Entries taken from a collection:
%%
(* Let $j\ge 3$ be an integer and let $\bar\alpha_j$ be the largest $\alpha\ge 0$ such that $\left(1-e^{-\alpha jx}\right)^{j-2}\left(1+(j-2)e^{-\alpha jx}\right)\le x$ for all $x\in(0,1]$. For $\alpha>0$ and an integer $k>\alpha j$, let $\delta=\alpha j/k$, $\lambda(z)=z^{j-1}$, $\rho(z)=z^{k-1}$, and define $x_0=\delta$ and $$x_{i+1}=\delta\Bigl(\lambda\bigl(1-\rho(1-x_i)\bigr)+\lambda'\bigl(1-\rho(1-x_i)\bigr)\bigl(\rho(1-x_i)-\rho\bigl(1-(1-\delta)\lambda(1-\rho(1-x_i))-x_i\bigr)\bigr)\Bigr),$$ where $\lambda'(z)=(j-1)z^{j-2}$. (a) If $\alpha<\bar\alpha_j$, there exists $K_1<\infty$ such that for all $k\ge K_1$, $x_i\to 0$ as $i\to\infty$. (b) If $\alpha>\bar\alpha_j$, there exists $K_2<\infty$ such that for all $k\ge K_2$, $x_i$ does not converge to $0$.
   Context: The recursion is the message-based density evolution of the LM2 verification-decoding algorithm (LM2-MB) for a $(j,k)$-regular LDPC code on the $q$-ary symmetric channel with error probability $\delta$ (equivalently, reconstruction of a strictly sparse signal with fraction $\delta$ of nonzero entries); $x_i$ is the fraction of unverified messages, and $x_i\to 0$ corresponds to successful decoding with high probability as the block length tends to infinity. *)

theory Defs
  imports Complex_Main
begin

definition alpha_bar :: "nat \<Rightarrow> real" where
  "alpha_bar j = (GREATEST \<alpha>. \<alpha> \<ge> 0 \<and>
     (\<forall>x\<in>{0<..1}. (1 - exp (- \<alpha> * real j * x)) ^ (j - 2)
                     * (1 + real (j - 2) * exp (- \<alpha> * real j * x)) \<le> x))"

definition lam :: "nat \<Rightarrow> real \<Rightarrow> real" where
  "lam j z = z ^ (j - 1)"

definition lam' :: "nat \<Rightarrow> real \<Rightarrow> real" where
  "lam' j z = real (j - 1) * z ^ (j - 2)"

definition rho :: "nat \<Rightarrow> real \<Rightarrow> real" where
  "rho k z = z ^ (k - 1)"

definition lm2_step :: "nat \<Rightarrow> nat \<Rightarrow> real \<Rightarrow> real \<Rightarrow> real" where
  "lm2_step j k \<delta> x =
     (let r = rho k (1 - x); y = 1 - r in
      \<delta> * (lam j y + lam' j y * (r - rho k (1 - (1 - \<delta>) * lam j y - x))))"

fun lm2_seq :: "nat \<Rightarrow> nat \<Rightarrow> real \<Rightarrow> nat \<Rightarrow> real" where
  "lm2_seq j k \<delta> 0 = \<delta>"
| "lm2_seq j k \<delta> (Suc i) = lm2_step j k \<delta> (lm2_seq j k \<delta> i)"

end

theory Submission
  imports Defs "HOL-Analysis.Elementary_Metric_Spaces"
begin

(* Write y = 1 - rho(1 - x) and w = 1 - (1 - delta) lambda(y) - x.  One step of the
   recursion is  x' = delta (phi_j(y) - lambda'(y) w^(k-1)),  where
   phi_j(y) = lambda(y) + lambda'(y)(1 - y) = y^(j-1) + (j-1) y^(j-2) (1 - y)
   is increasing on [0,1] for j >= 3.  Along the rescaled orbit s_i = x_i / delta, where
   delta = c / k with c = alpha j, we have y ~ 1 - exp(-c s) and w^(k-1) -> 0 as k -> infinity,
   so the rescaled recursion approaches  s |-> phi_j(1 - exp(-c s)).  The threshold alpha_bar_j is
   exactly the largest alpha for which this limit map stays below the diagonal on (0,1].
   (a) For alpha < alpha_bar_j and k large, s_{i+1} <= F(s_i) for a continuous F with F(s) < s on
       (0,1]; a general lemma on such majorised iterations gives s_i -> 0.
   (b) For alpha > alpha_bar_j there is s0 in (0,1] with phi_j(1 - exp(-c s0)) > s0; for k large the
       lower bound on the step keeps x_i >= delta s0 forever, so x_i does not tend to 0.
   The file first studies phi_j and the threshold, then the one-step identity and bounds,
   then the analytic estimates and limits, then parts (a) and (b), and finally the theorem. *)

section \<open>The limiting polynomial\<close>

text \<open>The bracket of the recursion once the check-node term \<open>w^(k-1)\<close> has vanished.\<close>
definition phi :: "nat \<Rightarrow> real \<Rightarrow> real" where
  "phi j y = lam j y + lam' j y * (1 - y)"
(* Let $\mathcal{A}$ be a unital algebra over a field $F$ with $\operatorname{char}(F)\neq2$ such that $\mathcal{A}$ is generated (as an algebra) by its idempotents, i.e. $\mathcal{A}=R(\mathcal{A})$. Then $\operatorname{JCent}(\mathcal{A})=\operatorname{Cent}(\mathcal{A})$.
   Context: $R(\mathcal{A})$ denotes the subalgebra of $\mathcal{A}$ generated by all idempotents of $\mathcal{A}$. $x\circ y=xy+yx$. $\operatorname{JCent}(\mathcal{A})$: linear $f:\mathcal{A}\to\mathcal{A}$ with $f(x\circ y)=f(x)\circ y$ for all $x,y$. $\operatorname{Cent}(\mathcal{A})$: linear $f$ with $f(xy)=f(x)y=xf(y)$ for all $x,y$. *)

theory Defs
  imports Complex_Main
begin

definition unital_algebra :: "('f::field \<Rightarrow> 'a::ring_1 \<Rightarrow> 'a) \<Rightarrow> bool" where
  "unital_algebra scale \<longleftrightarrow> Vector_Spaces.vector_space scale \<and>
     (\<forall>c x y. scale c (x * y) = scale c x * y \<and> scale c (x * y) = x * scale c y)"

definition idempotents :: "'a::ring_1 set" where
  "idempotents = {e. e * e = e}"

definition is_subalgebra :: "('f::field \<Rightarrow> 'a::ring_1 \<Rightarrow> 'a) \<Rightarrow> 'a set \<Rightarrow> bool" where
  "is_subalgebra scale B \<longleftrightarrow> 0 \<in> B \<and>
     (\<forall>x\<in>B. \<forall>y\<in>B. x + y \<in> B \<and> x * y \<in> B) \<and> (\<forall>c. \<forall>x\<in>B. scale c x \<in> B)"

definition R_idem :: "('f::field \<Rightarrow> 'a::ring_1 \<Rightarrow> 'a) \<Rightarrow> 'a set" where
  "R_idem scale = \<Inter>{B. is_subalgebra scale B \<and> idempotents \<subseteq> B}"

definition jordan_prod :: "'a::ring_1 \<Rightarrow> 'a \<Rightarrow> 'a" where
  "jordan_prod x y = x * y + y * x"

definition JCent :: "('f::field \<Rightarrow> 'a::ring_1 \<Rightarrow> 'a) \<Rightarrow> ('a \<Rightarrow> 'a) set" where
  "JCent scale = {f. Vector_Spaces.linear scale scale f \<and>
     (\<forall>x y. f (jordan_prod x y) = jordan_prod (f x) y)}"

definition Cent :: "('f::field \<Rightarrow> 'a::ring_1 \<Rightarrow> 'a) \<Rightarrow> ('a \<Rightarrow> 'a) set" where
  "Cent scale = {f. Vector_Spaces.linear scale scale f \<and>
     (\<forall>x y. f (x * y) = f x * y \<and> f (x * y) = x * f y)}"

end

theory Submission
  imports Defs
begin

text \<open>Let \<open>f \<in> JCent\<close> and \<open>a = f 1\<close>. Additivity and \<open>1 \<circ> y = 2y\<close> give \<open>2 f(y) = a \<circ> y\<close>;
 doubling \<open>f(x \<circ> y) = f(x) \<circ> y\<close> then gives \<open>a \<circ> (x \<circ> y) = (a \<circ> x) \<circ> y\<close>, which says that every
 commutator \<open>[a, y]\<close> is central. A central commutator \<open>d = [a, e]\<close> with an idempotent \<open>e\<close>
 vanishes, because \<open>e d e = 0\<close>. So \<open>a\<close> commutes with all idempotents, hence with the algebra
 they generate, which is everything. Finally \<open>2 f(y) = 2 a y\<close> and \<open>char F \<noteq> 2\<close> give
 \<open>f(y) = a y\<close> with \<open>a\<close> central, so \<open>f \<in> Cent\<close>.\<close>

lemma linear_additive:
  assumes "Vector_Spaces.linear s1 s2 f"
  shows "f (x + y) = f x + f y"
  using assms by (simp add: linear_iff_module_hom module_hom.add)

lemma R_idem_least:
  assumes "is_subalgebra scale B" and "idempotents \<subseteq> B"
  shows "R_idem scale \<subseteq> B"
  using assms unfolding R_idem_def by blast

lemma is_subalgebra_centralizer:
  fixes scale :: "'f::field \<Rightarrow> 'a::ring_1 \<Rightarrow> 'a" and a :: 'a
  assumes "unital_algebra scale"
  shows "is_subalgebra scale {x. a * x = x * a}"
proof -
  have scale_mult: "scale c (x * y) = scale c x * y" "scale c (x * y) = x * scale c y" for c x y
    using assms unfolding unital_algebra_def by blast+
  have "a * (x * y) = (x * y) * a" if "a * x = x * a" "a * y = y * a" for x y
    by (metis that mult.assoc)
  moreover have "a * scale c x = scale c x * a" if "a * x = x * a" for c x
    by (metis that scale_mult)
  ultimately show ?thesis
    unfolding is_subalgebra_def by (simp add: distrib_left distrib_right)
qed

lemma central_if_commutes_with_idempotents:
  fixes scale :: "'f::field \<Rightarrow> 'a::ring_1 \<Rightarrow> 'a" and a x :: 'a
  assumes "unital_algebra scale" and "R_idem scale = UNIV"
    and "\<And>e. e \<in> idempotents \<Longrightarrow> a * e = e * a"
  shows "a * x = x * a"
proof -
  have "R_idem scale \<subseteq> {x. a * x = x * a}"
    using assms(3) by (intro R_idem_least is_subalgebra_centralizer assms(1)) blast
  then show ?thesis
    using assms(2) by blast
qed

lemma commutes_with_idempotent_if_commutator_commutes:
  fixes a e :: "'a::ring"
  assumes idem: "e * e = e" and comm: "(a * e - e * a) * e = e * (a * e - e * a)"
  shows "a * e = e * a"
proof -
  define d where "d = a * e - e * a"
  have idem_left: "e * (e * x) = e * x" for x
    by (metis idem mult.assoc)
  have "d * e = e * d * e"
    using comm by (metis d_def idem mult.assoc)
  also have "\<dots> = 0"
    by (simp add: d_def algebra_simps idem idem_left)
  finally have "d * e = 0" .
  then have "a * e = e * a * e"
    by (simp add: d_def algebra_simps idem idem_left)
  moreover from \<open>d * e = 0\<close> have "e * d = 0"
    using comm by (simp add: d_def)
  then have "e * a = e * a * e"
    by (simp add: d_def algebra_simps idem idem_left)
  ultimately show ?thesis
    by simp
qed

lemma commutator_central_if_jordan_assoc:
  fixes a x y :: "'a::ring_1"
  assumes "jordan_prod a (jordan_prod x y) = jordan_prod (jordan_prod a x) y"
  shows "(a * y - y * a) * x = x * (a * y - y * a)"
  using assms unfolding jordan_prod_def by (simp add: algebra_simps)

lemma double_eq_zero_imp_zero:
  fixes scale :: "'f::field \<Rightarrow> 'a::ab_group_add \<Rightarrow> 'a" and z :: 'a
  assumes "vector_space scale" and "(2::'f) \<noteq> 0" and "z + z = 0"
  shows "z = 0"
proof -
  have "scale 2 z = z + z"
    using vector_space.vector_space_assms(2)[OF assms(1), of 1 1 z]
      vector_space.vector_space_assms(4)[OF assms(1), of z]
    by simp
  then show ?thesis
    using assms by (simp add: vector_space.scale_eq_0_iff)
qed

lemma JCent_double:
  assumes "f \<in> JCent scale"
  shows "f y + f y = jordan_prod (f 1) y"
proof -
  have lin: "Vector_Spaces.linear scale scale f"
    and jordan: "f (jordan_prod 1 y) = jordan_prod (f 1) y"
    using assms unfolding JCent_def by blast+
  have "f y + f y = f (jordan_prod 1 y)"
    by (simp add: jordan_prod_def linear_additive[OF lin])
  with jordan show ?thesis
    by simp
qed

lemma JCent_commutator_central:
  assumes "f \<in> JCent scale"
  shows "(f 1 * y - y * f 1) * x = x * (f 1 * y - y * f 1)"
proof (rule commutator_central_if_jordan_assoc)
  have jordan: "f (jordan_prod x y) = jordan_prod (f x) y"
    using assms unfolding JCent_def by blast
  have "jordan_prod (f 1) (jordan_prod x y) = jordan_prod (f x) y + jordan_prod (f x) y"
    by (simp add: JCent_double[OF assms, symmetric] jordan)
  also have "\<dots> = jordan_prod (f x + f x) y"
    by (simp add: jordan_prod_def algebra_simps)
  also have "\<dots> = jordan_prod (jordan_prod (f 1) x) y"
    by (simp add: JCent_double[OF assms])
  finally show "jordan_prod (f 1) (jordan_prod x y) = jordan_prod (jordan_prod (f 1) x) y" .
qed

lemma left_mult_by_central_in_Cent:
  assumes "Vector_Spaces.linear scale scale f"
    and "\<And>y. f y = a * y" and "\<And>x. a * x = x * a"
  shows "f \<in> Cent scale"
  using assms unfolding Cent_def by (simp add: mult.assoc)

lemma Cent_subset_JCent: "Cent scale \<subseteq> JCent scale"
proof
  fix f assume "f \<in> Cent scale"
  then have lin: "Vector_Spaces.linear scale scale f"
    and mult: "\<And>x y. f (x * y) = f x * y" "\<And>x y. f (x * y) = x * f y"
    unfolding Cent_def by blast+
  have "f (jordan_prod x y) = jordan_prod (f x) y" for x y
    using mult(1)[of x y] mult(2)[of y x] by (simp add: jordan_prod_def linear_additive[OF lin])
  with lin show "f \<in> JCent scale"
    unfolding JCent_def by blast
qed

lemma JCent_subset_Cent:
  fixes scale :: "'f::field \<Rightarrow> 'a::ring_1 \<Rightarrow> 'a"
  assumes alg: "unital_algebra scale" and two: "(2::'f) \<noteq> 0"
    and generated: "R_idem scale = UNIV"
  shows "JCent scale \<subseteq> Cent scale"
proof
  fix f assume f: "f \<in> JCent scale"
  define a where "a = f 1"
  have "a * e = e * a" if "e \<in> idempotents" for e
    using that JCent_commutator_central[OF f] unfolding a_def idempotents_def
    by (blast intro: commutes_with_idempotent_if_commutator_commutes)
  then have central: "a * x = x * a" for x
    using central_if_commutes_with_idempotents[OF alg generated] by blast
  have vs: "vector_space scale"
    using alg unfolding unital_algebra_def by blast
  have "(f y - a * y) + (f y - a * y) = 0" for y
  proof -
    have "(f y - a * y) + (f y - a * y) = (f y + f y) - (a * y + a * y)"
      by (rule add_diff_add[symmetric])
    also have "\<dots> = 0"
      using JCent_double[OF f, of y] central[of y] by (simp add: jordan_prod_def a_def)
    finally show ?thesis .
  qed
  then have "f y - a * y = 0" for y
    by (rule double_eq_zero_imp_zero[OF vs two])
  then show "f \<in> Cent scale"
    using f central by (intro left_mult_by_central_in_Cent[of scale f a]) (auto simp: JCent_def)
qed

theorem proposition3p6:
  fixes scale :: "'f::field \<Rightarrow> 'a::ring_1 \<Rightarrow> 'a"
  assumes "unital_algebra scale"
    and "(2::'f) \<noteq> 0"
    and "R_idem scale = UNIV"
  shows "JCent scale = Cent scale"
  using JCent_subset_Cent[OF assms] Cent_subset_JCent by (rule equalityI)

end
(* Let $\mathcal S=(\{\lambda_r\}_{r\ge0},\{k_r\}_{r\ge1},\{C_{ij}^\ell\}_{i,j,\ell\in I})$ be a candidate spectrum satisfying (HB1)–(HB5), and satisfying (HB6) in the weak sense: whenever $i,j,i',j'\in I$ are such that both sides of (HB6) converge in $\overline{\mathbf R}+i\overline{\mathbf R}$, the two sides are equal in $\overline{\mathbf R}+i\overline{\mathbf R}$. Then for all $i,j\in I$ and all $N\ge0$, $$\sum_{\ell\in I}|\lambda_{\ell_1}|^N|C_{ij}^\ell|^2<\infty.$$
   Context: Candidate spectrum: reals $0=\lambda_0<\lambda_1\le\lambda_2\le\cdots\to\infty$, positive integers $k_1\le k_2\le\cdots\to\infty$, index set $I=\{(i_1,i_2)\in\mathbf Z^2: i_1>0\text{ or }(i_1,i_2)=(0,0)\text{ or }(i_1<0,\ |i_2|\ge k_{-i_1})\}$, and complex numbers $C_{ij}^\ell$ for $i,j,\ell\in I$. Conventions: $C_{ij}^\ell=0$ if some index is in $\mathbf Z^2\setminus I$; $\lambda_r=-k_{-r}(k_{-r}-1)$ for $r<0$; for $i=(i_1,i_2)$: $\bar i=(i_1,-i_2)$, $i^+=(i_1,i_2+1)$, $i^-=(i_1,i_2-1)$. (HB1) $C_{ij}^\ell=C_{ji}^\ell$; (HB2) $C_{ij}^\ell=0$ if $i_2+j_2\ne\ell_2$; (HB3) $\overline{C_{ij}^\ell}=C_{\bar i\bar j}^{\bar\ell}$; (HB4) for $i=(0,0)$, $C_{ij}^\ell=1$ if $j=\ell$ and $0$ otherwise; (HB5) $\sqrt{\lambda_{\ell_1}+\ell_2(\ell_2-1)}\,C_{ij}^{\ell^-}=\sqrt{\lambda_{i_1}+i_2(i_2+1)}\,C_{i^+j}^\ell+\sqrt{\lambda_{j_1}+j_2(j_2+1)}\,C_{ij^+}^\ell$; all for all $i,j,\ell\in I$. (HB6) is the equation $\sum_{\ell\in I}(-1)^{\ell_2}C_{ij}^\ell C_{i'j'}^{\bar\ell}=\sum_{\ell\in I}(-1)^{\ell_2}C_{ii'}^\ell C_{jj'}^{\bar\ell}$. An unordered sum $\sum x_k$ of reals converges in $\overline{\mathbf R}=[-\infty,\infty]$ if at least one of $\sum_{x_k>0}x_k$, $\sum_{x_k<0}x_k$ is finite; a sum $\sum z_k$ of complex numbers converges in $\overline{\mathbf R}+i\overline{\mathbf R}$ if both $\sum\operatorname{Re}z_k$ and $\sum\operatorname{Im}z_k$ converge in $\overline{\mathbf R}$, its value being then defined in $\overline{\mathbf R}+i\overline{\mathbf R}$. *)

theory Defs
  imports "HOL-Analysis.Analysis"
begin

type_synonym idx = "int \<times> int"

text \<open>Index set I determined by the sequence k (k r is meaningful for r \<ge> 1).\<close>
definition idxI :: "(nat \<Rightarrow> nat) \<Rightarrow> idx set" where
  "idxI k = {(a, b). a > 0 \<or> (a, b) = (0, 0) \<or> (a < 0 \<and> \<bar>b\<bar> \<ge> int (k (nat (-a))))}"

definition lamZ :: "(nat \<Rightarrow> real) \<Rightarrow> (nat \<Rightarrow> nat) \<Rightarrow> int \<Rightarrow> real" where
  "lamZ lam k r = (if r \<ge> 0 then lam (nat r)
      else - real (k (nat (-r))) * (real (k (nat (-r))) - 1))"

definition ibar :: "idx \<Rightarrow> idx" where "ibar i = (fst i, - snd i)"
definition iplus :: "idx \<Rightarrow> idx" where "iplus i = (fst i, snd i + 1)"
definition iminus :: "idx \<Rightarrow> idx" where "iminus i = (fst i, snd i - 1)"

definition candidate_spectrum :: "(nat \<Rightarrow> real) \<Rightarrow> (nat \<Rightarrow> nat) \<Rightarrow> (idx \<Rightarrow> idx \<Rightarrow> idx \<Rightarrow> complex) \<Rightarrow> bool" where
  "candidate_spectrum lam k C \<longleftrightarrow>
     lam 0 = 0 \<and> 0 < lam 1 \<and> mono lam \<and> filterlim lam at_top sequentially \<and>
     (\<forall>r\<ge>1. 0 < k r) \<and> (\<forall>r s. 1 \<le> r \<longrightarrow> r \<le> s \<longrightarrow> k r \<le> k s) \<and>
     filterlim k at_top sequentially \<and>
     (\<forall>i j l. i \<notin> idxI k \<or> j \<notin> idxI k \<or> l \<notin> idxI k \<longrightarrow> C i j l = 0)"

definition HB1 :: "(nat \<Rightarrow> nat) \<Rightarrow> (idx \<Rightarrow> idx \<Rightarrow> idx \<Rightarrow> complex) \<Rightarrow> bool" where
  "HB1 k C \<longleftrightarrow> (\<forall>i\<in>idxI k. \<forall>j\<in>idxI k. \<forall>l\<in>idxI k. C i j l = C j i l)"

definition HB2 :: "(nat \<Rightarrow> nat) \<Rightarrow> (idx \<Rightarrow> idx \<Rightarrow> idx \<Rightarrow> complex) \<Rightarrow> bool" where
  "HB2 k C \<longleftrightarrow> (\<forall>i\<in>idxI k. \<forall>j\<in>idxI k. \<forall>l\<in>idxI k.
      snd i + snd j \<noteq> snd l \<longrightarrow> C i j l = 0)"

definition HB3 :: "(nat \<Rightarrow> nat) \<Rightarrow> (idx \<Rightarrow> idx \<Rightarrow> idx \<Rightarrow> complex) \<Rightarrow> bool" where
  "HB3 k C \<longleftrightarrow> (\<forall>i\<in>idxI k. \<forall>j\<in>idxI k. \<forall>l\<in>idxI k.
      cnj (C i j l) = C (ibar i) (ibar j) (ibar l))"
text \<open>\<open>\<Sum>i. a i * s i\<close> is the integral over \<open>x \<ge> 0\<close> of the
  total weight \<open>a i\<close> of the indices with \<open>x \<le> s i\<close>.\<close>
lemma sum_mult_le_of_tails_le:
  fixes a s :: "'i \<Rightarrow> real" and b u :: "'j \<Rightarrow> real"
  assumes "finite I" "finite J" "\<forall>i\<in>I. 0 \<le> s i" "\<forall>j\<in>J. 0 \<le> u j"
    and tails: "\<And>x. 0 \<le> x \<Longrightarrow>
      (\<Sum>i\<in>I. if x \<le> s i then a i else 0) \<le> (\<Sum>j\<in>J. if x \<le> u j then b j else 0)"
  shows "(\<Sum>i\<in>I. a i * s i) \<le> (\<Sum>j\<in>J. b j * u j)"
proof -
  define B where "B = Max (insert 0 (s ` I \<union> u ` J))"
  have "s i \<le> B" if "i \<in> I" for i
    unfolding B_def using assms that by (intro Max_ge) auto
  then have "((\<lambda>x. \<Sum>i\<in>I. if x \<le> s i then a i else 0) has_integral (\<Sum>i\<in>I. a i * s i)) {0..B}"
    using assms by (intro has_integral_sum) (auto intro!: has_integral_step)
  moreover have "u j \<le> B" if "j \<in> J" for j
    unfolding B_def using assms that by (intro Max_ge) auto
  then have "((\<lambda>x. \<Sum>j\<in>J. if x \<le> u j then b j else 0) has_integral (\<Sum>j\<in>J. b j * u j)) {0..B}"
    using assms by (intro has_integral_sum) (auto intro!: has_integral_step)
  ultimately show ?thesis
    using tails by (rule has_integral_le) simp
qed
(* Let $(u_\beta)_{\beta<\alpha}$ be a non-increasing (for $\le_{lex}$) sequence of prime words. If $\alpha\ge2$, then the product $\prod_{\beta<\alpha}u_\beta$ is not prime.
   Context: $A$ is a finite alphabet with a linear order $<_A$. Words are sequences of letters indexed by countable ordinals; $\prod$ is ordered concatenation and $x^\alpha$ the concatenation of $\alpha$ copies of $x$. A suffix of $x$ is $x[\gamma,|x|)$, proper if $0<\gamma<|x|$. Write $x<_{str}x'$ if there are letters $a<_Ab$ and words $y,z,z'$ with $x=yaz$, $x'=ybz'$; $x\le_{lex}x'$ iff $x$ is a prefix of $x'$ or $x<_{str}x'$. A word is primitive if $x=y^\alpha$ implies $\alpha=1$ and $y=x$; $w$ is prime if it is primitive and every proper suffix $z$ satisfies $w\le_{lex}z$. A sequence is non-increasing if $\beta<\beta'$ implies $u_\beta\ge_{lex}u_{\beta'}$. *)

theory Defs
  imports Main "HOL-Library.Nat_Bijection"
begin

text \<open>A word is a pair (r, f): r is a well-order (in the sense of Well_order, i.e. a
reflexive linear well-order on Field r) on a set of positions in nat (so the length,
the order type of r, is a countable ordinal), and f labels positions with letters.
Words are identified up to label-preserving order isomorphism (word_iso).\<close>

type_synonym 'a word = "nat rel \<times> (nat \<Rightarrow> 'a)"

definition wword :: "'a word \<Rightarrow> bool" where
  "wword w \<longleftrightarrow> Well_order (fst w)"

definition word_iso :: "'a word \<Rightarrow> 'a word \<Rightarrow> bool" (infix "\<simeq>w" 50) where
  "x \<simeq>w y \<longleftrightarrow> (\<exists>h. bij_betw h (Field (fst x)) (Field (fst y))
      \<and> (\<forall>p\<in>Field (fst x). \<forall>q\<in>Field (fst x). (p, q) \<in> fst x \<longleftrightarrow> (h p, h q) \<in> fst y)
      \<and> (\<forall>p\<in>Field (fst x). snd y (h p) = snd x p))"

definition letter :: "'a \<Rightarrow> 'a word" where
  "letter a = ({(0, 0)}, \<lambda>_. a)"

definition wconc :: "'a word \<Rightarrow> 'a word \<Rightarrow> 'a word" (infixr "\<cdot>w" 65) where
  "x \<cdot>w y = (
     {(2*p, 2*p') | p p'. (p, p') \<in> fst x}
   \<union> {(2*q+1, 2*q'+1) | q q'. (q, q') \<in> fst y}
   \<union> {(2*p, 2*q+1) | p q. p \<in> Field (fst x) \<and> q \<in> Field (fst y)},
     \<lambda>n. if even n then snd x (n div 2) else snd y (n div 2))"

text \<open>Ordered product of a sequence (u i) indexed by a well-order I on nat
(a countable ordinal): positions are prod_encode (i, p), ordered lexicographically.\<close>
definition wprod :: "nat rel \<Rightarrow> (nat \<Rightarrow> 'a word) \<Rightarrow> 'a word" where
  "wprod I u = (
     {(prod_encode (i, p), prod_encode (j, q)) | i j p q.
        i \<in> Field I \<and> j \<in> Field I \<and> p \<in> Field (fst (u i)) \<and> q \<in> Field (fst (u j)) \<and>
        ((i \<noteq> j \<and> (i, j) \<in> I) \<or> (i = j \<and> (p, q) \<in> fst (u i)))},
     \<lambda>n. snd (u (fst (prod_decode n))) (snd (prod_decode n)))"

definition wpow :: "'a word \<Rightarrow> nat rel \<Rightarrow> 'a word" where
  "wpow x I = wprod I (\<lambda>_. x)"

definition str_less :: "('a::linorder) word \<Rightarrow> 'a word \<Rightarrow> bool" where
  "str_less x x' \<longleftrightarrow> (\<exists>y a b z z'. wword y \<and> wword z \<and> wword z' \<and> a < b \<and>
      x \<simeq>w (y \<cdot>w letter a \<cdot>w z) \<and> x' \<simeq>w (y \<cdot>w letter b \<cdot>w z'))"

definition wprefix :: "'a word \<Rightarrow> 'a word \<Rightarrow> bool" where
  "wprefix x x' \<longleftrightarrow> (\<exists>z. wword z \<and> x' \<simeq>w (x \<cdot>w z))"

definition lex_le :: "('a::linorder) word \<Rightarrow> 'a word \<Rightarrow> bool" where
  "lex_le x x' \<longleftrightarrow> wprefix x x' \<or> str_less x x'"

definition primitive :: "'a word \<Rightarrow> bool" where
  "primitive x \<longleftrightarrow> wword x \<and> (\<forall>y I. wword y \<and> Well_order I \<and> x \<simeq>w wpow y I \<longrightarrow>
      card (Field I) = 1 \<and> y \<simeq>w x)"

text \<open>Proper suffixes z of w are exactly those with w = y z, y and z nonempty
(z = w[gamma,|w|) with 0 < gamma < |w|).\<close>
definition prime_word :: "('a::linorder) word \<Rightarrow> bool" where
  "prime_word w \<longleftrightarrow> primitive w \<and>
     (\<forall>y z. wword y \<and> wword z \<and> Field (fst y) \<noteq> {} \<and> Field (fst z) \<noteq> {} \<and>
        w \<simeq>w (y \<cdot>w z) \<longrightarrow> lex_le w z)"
%%
Which lines of the records above hold the word "length"? Copy each one out.

Written answer:
   Context: The recursion is the message-based density evolution of the LM2 verification-decoding algorithm (LM2-MB) for a $(j,k)$-regular LDPC code on the $q$-ary symmetric channel with error probability $\delta$ (equivalently, reconstruction of a strictly sparse signal with fraction $\delta$ of nonzero entries); $x_i$ is the fraction of unverified messages, and $x_i\to 0$ corresponds to successful decoding with high probability as the block length tends to infinity. *)
reflexive linear well-order on Field r) on a set of positions in nat (so the length,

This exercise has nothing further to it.